# Task directions:
Below are the records; copy each line in which "also" occurs.

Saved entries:
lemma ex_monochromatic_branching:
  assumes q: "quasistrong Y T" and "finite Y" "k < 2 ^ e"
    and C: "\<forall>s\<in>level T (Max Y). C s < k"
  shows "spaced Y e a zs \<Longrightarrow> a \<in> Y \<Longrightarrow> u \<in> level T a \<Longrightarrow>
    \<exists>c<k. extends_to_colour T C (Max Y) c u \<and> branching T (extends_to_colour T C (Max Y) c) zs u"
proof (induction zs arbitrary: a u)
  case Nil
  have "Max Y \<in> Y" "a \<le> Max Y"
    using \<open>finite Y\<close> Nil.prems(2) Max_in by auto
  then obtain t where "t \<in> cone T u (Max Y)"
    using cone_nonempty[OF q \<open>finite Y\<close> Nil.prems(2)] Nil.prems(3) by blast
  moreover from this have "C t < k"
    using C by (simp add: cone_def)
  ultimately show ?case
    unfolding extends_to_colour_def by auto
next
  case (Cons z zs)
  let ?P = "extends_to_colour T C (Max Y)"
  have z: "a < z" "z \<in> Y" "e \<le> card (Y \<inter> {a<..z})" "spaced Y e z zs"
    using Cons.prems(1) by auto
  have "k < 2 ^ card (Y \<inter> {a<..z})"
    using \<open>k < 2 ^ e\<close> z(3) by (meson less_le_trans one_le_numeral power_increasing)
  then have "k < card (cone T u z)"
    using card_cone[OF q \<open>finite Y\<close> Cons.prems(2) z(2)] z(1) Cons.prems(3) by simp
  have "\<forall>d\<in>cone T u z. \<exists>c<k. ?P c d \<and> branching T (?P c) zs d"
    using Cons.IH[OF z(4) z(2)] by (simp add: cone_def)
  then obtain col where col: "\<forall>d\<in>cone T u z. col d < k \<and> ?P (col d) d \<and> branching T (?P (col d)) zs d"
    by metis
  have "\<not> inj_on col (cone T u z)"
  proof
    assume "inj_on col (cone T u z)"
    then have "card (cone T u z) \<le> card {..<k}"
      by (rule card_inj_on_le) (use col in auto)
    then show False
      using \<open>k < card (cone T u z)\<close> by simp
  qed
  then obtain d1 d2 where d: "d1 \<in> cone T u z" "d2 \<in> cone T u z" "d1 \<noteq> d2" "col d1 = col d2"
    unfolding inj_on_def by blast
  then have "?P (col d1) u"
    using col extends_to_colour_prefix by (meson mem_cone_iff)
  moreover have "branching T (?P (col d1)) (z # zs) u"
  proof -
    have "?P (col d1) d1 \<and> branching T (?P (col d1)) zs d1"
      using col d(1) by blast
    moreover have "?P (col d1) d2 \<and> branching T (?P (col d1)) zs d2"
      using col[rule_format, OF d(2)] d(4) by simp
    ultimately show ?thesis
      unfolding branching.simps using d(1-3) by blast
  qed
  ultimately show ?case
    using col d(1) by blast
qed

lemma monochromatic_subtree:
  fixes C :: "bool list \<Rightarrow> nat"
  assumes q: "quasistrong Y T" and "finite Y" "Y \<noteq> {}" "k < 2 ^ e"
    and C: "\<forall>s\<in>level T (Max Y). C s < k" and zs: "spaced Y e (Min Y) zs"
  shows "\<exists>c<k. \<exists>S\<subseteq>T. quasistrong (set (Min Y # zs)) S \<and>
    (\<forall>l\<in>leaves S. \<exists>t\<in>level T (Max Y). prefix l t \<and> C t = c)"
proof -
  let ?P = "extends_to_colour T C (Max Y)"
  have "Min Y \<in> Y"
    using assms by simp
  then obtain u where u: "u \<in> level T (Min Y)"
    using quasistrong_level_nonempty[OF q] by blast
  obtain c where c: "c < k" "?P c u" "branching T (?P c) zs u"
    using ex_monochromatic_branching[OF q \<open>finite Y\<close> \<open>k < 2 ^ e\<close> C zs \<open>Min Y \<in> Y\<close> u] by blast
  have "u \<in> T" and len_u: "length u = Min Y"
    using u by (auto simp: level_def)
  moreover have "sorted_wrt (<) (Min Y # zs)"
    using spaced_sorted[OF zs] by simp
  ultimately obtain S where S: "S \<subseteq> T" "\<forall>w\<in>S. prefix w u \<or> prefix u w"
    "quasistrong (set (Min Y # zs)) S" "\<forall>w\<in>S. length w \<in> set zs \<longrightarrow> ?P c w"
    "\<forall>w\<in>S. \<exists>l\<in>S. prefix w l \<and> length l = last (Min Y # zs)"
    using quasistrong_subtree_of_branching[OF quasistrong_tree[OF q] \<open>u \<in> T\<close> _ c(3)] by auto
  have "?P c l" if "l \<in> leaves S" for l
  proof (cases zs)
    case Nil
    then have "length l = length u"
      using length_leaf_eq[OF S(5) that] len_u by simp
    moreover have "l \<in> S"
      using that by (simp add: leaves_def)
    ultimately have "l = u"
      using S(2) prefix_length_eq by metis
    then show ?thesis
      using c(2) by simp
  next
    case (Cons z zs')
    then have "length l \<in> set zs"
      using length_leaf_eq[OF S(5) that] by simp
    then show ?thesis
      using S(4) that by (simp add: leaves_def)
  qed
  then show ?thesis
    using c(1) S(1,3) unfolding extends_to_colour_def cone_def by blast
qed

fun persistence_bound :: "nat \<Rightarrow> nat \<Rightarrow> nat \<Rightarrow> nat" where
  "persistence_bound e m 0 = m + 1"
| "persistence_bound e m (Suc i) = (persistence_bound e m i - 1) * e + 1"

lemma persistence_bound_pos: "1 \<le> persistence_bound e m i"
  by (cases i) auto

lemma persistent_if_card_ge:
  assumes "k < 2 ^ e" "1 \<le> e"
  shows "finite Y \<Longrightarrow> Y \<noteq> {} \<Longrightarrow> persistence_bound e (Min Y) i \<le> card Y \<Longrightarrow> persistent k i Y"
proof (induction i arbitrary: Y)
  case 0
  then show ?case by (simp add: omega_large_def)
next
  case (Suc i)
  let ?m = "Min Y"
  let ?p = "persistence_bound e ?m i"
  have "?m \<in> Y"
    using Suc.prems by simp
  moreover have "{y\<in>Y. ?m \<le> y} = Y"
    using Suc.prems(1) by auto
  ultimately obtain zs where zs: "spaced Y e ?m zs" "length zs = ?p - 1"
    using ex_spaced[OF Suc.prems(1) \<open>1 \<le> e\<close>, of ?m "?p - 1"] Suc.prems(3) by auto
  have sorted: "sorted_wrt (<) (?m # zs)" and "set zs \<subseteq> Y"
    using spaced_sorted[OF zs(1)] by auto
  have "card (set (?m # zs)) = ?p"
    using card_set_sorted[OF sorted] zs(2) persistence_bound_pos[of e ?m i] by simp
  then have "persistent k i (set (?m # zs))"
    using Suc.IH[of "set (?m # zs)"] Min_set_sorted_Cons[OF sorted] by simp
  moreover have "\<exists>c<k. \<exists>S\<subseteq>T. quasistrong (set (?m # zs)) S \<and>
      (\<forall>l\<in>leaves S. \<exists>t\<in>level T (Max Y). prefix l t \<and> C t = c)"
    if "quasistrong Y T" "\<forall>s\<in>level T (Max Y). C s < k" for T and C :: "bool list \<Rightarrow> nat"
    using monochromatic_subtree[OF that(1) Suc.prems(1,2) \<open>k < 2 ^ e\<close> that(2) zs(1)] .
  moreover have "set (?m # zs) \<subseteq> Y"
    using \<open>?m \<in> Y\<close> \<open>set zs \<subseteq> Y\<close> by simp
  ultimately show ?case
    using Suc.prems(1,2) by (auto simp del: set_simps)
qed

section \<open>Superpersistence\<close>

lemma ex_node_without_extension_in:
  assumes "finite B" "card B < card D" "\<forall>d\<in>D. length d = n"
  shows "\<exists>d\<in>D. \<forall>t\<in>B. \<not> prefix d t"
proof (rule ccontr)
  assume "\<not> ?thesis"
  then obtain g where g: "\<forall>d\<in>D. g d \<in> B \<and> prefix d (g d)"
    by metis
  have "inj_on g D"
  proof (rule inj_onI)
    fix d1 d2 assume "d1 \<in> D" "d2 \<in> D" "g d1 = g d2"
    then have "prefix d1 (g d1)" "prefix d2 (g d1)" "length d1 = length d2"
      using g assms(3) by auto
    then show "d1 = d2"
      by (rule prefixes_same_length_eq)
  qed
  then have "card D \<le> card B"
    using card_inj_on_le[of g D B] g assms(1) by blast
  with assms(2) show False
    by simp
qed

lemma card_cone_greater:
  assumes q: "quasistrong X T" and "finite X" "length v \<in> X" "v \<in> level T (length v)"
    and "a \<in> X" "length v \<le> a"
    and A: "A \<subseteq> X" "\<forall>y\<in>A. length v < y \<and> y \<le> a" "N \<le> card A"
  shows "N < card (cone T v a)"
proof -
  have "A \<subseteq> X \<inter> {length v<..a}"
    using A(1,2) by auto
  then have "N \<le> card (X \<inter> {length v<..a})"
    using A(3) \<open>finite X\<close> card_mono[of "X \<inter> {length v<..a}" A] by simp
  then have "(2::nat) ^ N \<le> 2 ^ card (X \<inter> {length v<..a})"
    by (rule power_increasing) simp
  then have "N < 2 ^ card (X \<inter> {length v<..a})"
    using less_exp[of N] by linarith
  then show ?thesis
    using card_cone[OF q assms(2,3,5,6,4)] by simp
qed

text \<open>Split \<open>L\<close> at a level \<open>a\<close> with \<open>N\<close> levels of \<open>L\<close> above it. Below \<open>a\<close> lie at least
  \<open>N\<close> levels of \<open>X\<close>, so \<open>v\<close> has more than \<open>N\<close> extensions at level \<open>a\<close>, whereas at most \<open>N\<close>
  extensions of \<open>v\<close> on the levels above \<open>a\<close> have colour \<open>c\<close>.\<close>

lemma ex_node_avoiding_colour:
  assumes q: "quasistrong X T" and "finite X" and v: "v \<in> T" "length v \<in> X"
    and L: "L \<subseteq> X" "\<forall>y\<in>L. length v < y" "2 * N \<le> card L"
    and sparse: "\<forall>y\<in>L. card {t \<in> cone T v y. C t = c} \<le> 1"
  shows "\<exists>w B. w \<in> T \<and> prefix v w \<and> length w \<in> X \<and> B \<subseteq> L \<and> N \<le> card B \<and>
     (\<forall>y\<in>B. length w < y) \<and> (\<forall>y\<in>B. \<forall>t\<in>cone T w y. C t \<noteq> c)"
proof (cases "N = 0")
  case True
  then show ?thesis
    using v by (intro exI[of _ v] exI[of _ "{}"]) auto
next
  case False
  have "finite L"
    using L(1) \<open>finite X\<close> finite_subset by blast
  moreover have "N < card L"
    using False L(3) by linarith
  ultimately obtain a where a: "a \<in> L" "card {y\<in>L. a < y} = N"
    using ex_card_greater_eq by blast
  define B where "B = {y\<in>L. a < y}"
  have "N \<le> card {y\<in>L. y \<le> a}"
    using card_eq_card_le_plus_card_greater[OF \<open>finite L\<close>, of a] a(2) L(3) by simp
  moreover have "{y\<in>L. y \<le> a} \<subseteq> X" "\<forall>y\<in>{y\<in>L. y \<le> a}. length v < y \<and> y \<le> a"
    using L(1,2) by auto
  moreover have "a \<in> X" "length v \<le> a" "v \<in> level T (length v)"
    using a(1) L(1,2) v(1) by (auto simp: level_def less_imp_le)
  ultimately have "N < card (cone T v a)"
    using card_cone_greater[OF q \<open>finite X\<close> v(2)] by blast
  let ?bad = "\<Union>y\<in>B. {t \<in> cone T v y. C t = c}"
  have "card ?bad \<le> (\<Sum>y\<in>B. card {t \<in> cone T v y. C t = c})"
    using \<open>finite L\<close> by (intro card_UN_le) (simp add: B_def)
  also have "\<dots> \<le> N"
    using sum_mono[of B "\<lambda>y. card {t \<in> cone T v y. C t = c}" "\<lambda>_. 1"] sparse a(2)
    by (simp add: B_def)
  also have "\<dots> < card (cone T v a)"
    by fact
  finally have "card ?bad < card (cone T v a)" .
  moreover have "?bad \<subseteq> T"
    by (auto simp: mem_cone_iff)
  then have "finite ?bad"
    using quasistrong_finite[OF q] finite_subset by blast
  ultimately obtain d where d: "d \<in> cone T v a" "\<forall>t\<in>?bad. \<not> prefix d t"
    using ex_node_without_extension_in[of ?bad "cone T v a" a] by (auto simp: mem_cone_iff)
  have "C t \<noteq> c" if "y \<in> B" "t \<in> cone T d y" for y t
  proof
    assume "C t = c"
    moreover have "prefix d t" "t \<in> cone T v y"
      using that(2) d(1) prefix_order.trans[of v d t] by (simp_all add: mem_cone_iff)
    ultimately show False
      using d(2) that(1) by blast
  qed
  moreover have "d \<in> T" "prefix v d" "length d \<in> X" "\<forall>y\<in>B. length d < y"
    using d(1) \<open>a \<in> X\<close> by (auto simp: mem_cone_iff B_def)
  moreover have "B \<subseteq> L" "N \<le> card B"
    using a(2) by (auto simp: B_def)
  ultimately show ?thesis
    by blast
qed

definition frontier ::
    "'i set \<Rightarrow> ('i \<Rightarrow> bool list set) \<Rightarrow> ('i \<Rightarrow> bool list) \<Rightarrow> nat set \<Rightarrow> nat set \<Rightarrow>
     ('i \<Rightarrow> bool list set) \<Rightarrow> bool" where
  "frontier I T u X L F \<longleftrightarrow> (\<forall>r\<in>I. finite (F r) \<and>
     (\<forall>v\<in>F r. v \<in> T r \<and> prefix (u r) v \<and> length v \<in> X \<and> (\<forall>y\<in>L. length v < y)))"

# Solved problem:
  also have "\<dots> \<le> N"
  also have "\<dots> < card (cone T v a)"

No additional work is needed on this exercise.